╭─ THE DATA

lemma orthogonal_mat_parseval:
  fixes U :: "real mat"
  assumes U: "U \<in> carrier_mat n n" and UUT: "U * transpose_mat U = 1\<^sub>m n"
    and x: "x \<in> carrier_vec n" and z: "z \<in> carrier_vec n"
  shows "x \<bullet> z = (\<Sum>j<n. (x \<bullet> col U j) * (z \<bullet> col U j))"
proof -
  have "x \<bullet> z = x \<bullet> (U *\<^sub>v (transpose_mat U *\<^sub>v z))"
    using U z by (simp add: assoc_mult_mat_vec[symmetric, of _ n n _ n] UUT)
  also have "\<dots> = (transpose_mat U *\<^sub>v x) \<bullet> (transpose_mat U *\<^sub>v z)"
    using U x z by (intro transpose_vec_mult_scalar[symmetric]) auto
  also have "\<dots> = (\<Sum>j<n. (x \<bullet> col U j) * (z \<bullet> col U j))"
    using U x z
    by (simp add: scalar_prod_def[of "transpose_mat U *\<^sub>v x"] lessThan_atLeast0 row_transpose
        comm_scalar_prod[of _ n])
  finally show ?thesis .
qed

lemma char_poly_orthogonally_diagonal:
  fixes A :: "real mat"
  assumes U: "U \<in> carrier_mat n n" and D: "D \<in> carrier_mat n n" and dD: "diagonal_mat D"
    and UTU: "transpose_mat U * U = 1\<^sub>m n" and UUT: "U * transpose_mat U = 1\<^sub>m n"
    and A_eq: "A = U * D * transpose_mat U"
  shows "char_poly A = (\<Prod>a\<leftarrow>diag_mat D. [:- a, 1:])"
proof -
  have "A \<in> carrier_mat n n" using U D A_eq by simp
  hence "similar_mat A D"
    unfolding similar_mat_def similar_mat_wit_def Let_def
    using U D UTU UUT A_eq by (intro exI[of _ U] exI[of _ "transpose_mat U"]) auto
  hence "char_poly A = char_poly D" by (rule char_poly_similar)
  also have "\<dots> = (\<Prod>a\<leftarrow>diag_mat D. [:- a, 1:])"
    using dD D by (intro char_poly_upper_triangular) (auto simp: diagonal_mat_def upper_triangular_def)
  finally show ?thesis .
qed

lemma sym_mat_orthonormal_eigenbasis:
  fixes A :: "real mat"
  assumes A: "A \<in> carrier_mat n n" and sym: "transpose_mat A = A"
  obtains u \<theta> where "\<And>j. j < n \<Longrightarrow> u j \<in> carrier_vec n \<and> A *\<^sub>v u j = \<theta> j \<cdot>\<^sub>v u j"
    "\<And>i j. i < n \<Longrightarrow> j < n \<Longrightarrow> u i \<bullet> u j = (if i = j then 1 else 0)"
    "\<And>x z. x \<in> carrier_vec n \<Longrightarrow> z \<in> carrier_vec n \<Longrightarrow> x \<bullet> z = (\<Sum>j<n. (x \<bullet> u j) * (z \<bullet> u j))"
    "char_poly A = (\<Prod>\<mu>\<leftarrow>map \<theta> [0..<n]. [:- \<mu>, 1:])"
proof -
  obtain U D where U: "U \<in> carrier_mat n n" and D: "D \<in> carrier_mat n n" and dD: "diagonal_mat D"
    and UTU: "transpose_mat U * U = 1\<^sub>m n" and A_eq: "A = U * D * transpose_mat U"
    using real_sym_mat_orthogonal_diagonalization[OF A sym] by blast
  have UUT: "U * transpose_mat U = 1\<^sub>m n"
    using mat_mult_left_right_inverse[OF _ U UTU] U by simp
  define \<theta> where "\<theta> j = D $$ (j, j)" for j
  define u where "u j = col U j" for j
  have "A * U = U * D"
    unfolding A_eq using U D UTU by (simp add: assoc_mult_mat[of _ n n _ n _ n])
  have eig: "u j \<in> carrier_vec n \<and> A *\<^sub>v u j = \<theta> j \<cdot>\<^sub>v u j" if j: "j < n" for j
  proof -
    have "A *\<^sub>v u j = col (A * U) j"
      unfolding u_def by (rule col_mult2[OF A U j, symmetric])
    also have "\<dots> = U *\<^sub>v col D j"
      unfolding \<open>A * U = U * D\<close> by (rule col_mult2[OF U D j])
    also have "col D j = \<theta> j \<cdot>\<^sub>v unit_vec n j"
      using dD D j by (intro eq_vecI) (auto simp: \<theta>_def diagonal_mat_def)
    also have "U *\<^sub>v (\<theta> j \<cdot>\<^sub>v unit_vec n j) = \<theta> j \<cdot>\<^sub>v u j"
      using U j unfolding u_def by (intro eq_vecI) auto
    finally show ?thesis using U j unfolding u_def by simp
  qed
  have orth: "u i \<bullet> u j = (if i = j then 1 else 0)" if "i < n" "j < n" for i j
  proof -
    have "u i \<bullet> u j = (transpose_mat U * U) $$ (i, j)"
      unfolding u_def using U that by (simp add: row_transpose)
    thus ?thesis unfolding UTU using that by simp
  qed
  have parseval: "x \<bullet> z = (\<Sum>j<n. (x \<bullet> u j) * (z \<bullet> u j))"
    if "x \<in> carrier_vec n" "z \<in> carrier_vec n" for x z
    unfolding u_def using orthogonal_mat_parseval[OF U UUT that] .
  have "char_poly A = (\<Prod>\<mu>\<leftarrow>map \<theta> [0..<n]. [:- \<mu>, 1:])"
    using char_poly_orthogonally_diagonal[OF U D dD UTU UUT A_eq] D
    by (simp add: diag_mat_def \<theta>_def comp_def)
  with eig orth parseval show ?thesis by (rule that)
qed
(* Let $\mathcal{F}$ be a frame and $C_s,C_{cut},C_o\subseteq\mathcal{CH}$ such that $C_{cut}$ is an undirected cut between $C_s$ and $C_o$. If there is no disclosure between $C_s$ and $C_{cut}$, then there is no disclosure between $C_s$ and $C_o$.
   Context: A frame $\mathcal{F}$ consists of pairwise disjoint sets $\mathcal{LO}$ (locations), $\mathcal{CH}$ (channels), $\mathcal{D}$ (data). Each channel $c$ either has both a sender $\mathrm{sender}(c)\in\mathcal{LO}$ and recipient $\mathrm{recipient}(c)\in\mathcal{LO}$ (possibly equal), or neither; $\mathrm{chans}(\ell)=\{c:\mathrm{sender}(c)=\ell\text{ or }\mathrm{recipient}(c)=\ell\}$. Each location $\ell$ has a prefix-closed set $\mathrm{traces}(\ell)$ of finite or infinite sequences of labels $(c,v)$, $c\in\mathrm{chans}(\ell)$, $v\in\mathcal{D}$. Events come from a set $E$ with $\mathrm{chan}:E\to\mathcal{CH}$, $\mathrm{msg}:E\to\mathcal{D}$. A system of events $(B,\preceq)$ has $B\subseteq E$ and $\preceq$ a partial order with finitely many predecessors per event; it is an execution ($\in\mathrm{exec}(\mathcal{F})$) iff for every location $\ell$ the events whose channel has $\ell$ as sender or recipient are linearly ordered and, read as the sequence of labels $(\mathrm{chan}(e),\mathrm{msg}(e))$, lie in $\mathrm{traces}(\ell)$. For $C\subseteq\mathcal{CH}$, $\mathcal{B}|_C$ keeps events with channel in $C$ with the restricted order; $\mathrm{lruns}_C$ is the set of $\mathcal{A}|_C$, $\mathcal{A}\in\mathrm{exec}(\mathcal{F})$ ($C$-runs); $J_C^{C'}(\mathcal{B})=\{\mathcal{A}|_{C'}:\mathcal{A}\in\mathrm{exec}(\mathcal{F}),\ \mathcal{A}|_C=\mathcal{B}\}$. There is no disclosure from $C$ to $C'$ iff $J_C^{C'}(\mathcal{B})=\mathrm{lruns}_{C'}$ for every $C$-run $\mathcal{B}$; this relation is symmetric, and "no disclosure between $C$ and $C'$" means no disclosure from $C$ to $C'$. An undirected path is a sequence of locations $\ell_0,\dots,\ell_n$ and channels $c_1,\dots,c_n$ with each $c_k$ having endpoints $\ell_{k-1},\ell_k$ in some direction (the path traverses the $c_k$). $C_{cut}$ is an undirected cut between $C_s$ and $C_o$ iff $C_s,C_{cut},C_o$ are pairwise disjoint and every undirected path from an endpoint location of a channel in $C_o$ to an endpoint location of a channel in $C_s$ traverses some channel in $C_{cut}$. *)

theory Defs
  imports Main
begin
lemma finite_Spoly_values_order_5:
  assumes "primitive_root_of_unity 5 z"
  shows "finite {Spoly x z | x. x > 1}"
proof -
  have zn: "z ^ 5 = 1" and "z \<noteq> 1"
    using primitive_root_of_unityD(1)[OF assms] primitive_root_of_unityD(2)[OF assms, of 1]
    by simp_all
  have "(z - 1) * (1 + z + z\<^sup>2 + z ^ 3 + z ^ 4) = z ^ 5 - 1"
    by algebra
  then have rel: "1 + z + z\<^sup>2 + z ^ 3 + z ^ 4 = 0"
    using zn \<open>z \<noteq> 1\<close> by simp
  have S: "mat2_apply (Sq z) (a, b) = (- (z ^ 4) * b, a)" for a b
    by (rule mat2_apply_Sq) (use zn in algebra)
  define W :: "(complex \<times> complex) set" where
    "W = {(1, 0), (0, 1), (1, 1), (1 + z, 1), (1 + z + z\<^sup>2 + z ^ 3, 1), (1 + z + z\<^sup>2, 1),
      (1 + z + z\<^sup>2 + z ^ 3, 1 + z), (1 + z + z\<^sup>2 + z ^ 3, 1 + z + z\<^sup>2), (z + z\<^sup>2, 1 + z + z\<^sup>2),
      (1 + z + 2 * z\<^sup>2 + z ^ 3, 1 + z + z\<^sup>2), (z\<^sup>2 + z ^ 3, z + z\<^sup>2),
      (z\<^sup>2 + z ^ 3, 1 + z + 2 * z\<^sup>2 + z ^ 3)}"
  show ?thesis
  proof (rule finite_Spoly_values_of_invariant[of z 5 W])
    show "\<forall>w\<in>W. mat2_apply (Rq z) w \<in> root_multiples z W"
      unfolding W_def ball_simps mat2_apply_Rq
      apply (intro conjI TrueI)
      subgoal by (rule root_multiplesI[where s = 1 and k = 1 and a = 1 and b = 0])
          ((use rel in algebra | simp | algebra)+)
      subgoal by (rule root_multiplesI[where s = 1 and k = 0 and a = 1 and b = 1])
          ((use rel in algebra | simp | algebra)+)
      subgoal by (rule root_multiplesI[where s = 1 and k = 0 and a = "1 + z" and b = 1])
          ((use rel in algebra | simp | algebra)+)
      subgoal by (rule root_multiplesI[where s = 1 and k = 0 and a = "1 + z + z\<^sup>2" and b = 1])
          ((use rel in algebra | simp | algebra)+)
      subgoal by (rule root_multiplesI[where s = 1 and k = 0 and a = 0 and b = 1])
          ((use rel in algebra | simp | algebra)+)
      subgoal by (rule root_multiplesI[where s = 1 and k = 0
            and a = "1 + z + z\<^sup>2 + z ^ 3" and b = 1])
          ((use rel in algebra | simp | algebra)+)
      subgoal by (rule root_multiplesI[where s = "- 1" and k = 2
            and a = "1 + z + z\<^sup>2 + z ^ 3" and b = "1 + z + z\<^sup>2"])
          ((use rel in algebra | simp | algebra)+)
      subgoal by (rule root_multiplesI[where s = 1 and k = 0
            and a = "z + z\<^sup>2" and b = "1 + z + z\<^sup>2"])
          ((use rel in algebra | simp | algebra)+)
      subgoal by (rule root_multiplesI[where s = 1 and k = 0
            and a = "1 + z + 2 * z\<^sup>2 + z ^ 3" and b = "1 + z + z\<^sup>2"])
          ((use rel in algebra | simp | algebra)+)
      subgoal by (rule root_multiplesI[where s = "- 1" and k = 2
            and a = "z\<^sup>2 + z ^ 3" and b = "z + z\<^sup>2"])
          ((use rel in algebra | simp | algebra)+)
      subgoal by (rule root_multiplesI[where s = 1 and k = 1
            and a = "1 + z + z\<^sup>2 + z ^ 3" and b = "1 + z"])
          ((use rel in algebra | simp | algebra)+)
      subgoal by (rule root_multiplesI[where s = 1 and k = 0
            and a = "z\<^sup>2 + z ^ 3" and b = "1 + z + 2 * z\<^sup>2 + z ^ 3"])
          ((use rel in algebra | simp | algebra)+)
      done
    show "\<forall>w\<in>W. mat2_apply (Sq z) w \<in> root_multiples z W"
      unfolding W_def ball_simps S
      apply (intro conjI TrueI)
      subgoal by (rule root_multiplesI[where s = 1 and k = 0 and a = 0 and b = 1])
          ((use rel in algebra | simp | algebra)+)
      subgoal by (rule root_multiplesI[where s = "- 1" and k = 4 and a = 1 and b = 0])
          ((use rel in algebra | simp | algebra)+)
      subgoal by (rule root_multiplesI[where s = 1 and k = 0
            and a = "1 + z + z\<^sup>2 + z ^ 3" and b = 1])
          ((use rel in algebra | simp | algebra)+)
      subgoal by (rule root_multiplesI[where s = 1 and k = 0
            and a = "1 + z + z\<^sup>2 + z ^ 3" and b = "1 + z"])
          ((use rel in algebra | simp | algebra)+)
      subgoal by (rule root_multiplesI[where s = "- 1" and k = 4 and a = 1 and b = 1])
          ((use rel in algebra | simp | algebra)+)
      subgoal by (rule root_multiplesI[where s = 1 and k = 0
            and a = "1 + z + z\<^sup>2 + z ^ 3" and b = "1 + z + z\<^sup>2"])
          ((use rel in algebra | simp | algebra)+)
      subgoal by (rule root_multiplesI[where s = "- 1" and k = 4 and a = "1 + z" and b = 1])
          ((use rel in algebra | simp | algebra)+)
      subgoal by (rule root_multiplesI[where s = "- 1" and k = 4 and a = "1 + z + z\<^sup>2" and b = 1])
          ((use rel in algebra | simp | algebra)+)
      subgoal by (rule root_multiplesI[where s = 1 and k = 0
            and a = "z\<^sup>2 + z ^ 3" and b = "z + z\<^sup>2"])
          ((use rel in algebra | simp | algebra)+)
      subgoal by (rule root_multiplesI[where s = 1 and k = 0
            and a = "z\<^sup>2 + z ^ 3" and b = "1 + z + 2 * z\<^sup>2 + z ^ 3"])
          ((use rel in algebra | simp | algebra)+)
      subgoal by (rule root_multiplesI[where s = "- 1" and k = 4
            and a = "z + z\<^sup>2" and b = "1 + z + z\<^sup>2"])
          ((use rel in algebra | simp | algebra)+)
      subgoal by (rule root_multiplesI[where s = "- 1" and k = 4
            and a = "1 + z + 2 * z\<^sup>2 + z ^ 3" and b = "1 + z + z\<^sup>2"])
          ((use rel in algebra | simp | algebra)+)
      done
  qed (simp_all add: zn W_def)
qed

╰─

WHAT YOU ARE ASKED TO DO
Go through the listing above and return each line where the word "forall" occurs.

EXERCISE RESPONSE
    show "\<forall>w\<in>W. mat2_apply (Rq z) w \<in> root_multiples z W"
    show "\<forall>w\<in>W. mat2_apply (Sq z) w \<in> root_multiples z W"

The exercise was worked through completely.